Прежде всего восприятие игр при Старом порядке окрашено моральным недоверием, смутным подозрением, хотя их потенциально безвредный характер напрямую не ставится под сомнение. Согласно архаической классификации, существует «три разновидности игр. К первой принадлежат те, что требуют в первую очередь сообразительности или ловкости, как шахматы, шашки, ручной мяч. Ко второй — те, что целиком зависят от случая, как кости, гокка, ландскнехт, фараон, игра в гуся[624]
. К третьей — смешанные, частично зависящие от ловкости, частично — от случая, как пикет, триумф и трик–трак»[625]. Игры, основанные на ловкости, категорически отделяются от тех, что основаны на случае: первые допускаются, вторые запрещены. К примеру, игра в ручной мяч, полностью зависящая от индивидуальных способностей игрока, может считаться «самым достойным и наименее скандальным упражнением для времяпрепровождения»[626]. Мастерство и физические возможности, «усердие» в игре делают денежный выигрыш законным, меж тем как случай и удача, напротив, выводят его за рамки дозволенного. Азартные игры подвергаются гонениям за их «дурные последствия»[627], поскольку они в большей мере способствуют обману, жульничеству, иллюзии, выманивая «значительные суммы у многих сельских жителей, которых привлекает страсть к игре или практически никогда не осуществляющаяся надежда на выигрыш»[628]. Об этом без конца твердят указы, полицейские отчеты и парламентские решения, в которых множатся запреты на игру в карты и в кости: «Решительно воспрещается и запрещается лицам любого положения и сословия держать игорные дома в каком бы то ни было городе или месте нашего королевства, а также собираться для игры в карты или в кости»[629]. Конечно, многие места оказываются вне их юрисдикции: двор и, шире, Париж, Пале–Рояль, Тампль, резиденции иностранных послов[630].Тем не менее амбивалентность пари провоцирует смутный остракизм. Наличие денежного заклада соседствует с возможным осуждением, которое распространяется и на игры, требующие ловкости. Даже в игре в ручной мяч есть свои шулера, жертвы обмана и маклеры: к примеру, в 1627 году Монбрюн использует древний как мир способ жульничества: сперва убеждает лондонских игроков в своей беспомощности, а затем, внезапно обнаружив мастерство и талант, обыгрывает их на значительную сумму[631]

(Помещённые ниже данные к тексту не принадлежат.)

lemma fibonomial_mult_qpoch:
  "k \<le> m \<Longrightarrow> fibonomial m k * qpoch qq qq k * phi ^ (k * k) = phi ^ (k * m) * qpoch (qq ^ (m + 1 - k)) qq k"
proof (induction k)
  case (Suc k)
  define d where "d = m - Suc k"
  have m: "m = k + Suc d" "m - k = Suc d" "m + 1 - k = Suc (Suc d)" "m + 1 - Suc k = Suc d"
    using Suc.prems unfolding d_def by auto
  have ratio: "real (fib (Suc d)) / real (fib (Suc k)) * (1 - qq ^ Suc k) * phi ^ (k + k + 1)
      = phi ^ (Suc d + k) * (1 - qq ^ Suc d)"
    unfolding fib_eq_phi_power using qq.power_neq_1 [of "Suc k"] phi_gt_1
    by (simp add: field_simps power_add)
  have "fibonomial m (Suc k) * qpoch qq qq (Suc k) * phi ^ (Suc k * Suc k)
      = (fibonomial m k * qpoch qq qq k * phi ^ (k * k))
        * (real (fib (Suc d)) / real (fib (Suc k)) * (1 - qq ^ Suc k) * phi ^ (k + k + 1))"
  proof -
    have "Suc k * Suc k = k * k + (k + k + 1)"
      by simp
    then have "phi ^ (Suc k * Suc k) = phi ^ (k * k) * phi ^ (k + k + 1)"
      by (simp only: power_add)
    then show ?thesis
      unfolding fibonomial_Suc [of k m, OF Suc_le_lessD [OF Suc.prems]] qpoch_Suc m(2)
      by (simp only: ac_simps power_Suc)
  qed
  also have "\<dots> = phi ^ (k * m) * qpoch (qq ^ Suc (Suc d)) qq k * (phi ^ (Suc d + k) * (1 - qq ^ Suc d))"
    using Suc.IH [OF Suc_leD [OF Suc.prems]] unfolding m(3) by (simp only: ratio)
  also have "\<dots> = phi ^ (Suc k * m) * qpoch (qq ^ (m + 1 - Suc k)) qq (Suc k)"
    unfolding m(4) qpoch_Suc_shift by (simp add: m(1) power_add ac_simps)
  finally show ?case .
qed (simp add: fibonomial_def)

. Или упоминаемый Сен–Симоном Фонпертюи, «великий плут, собою молодец, приятель по разврату господина де Дози, затем ставшего герцогом де Немуром, большой любитель игры в ручной мяч»[632]. Запреты на игру в ручной мяч есть уже в XVI веке: так, 10 июня 1551 года парламент выносит «запрет строить новые помещения для игры в мяч в городе Париже и его пригородах»[633]; этот запрет повторяется в постановлениях от 23 мая 1579 года и 6 февраля 1599 года[634]. Выносятся осуждения. От начала XVI к середине XVII века число залов для игры в ручной мяч уменьшается: в 1500 году их 250, а в 1657–м — 114[635].Согласно полицейским отчетам конца XVII столетия, игры, подразумевающие состязание в ловкости, притягивают сомнительных персонажей: мошенников, живущих за счет игры в ручной мяч и сопутствующих развлечений, юнцов, у которых за душой ни гроша, вельмож, проматывающих свое состояние. К первым относится Демар, «покровитель» проституток с улицы Гран–Огюстен; забияка беспокойного нрава, он не преступник и не разбойник, но живет за счет «сомнительных» доходов и является «завсегдатаем всех мест для игры в ручной мяч, где также играют в карты». На противоположном краю социального спектра — молодой герцог д’Эстре, который стремительно разоряется, так как бьется об заклад по любому поводу, часто посещая игру в мяч на улице Мазарин (полиция скрупулезно подсчитывает потерянные им тысячи ливров). Несколькими десятилетиями ранее на заметку попадает Шарль Привэ, молодой клирик, навлекший на себя обвинения в том, что церкви он предпочитает игру в мяч: «Вместо того чтобы учиться, он в Париже тратит время и деньги своего отца на игру в мяч, карты, кости и на верховую езду, которыми он владеет не хуже искусства проповеди, и даже лучше»[636]
.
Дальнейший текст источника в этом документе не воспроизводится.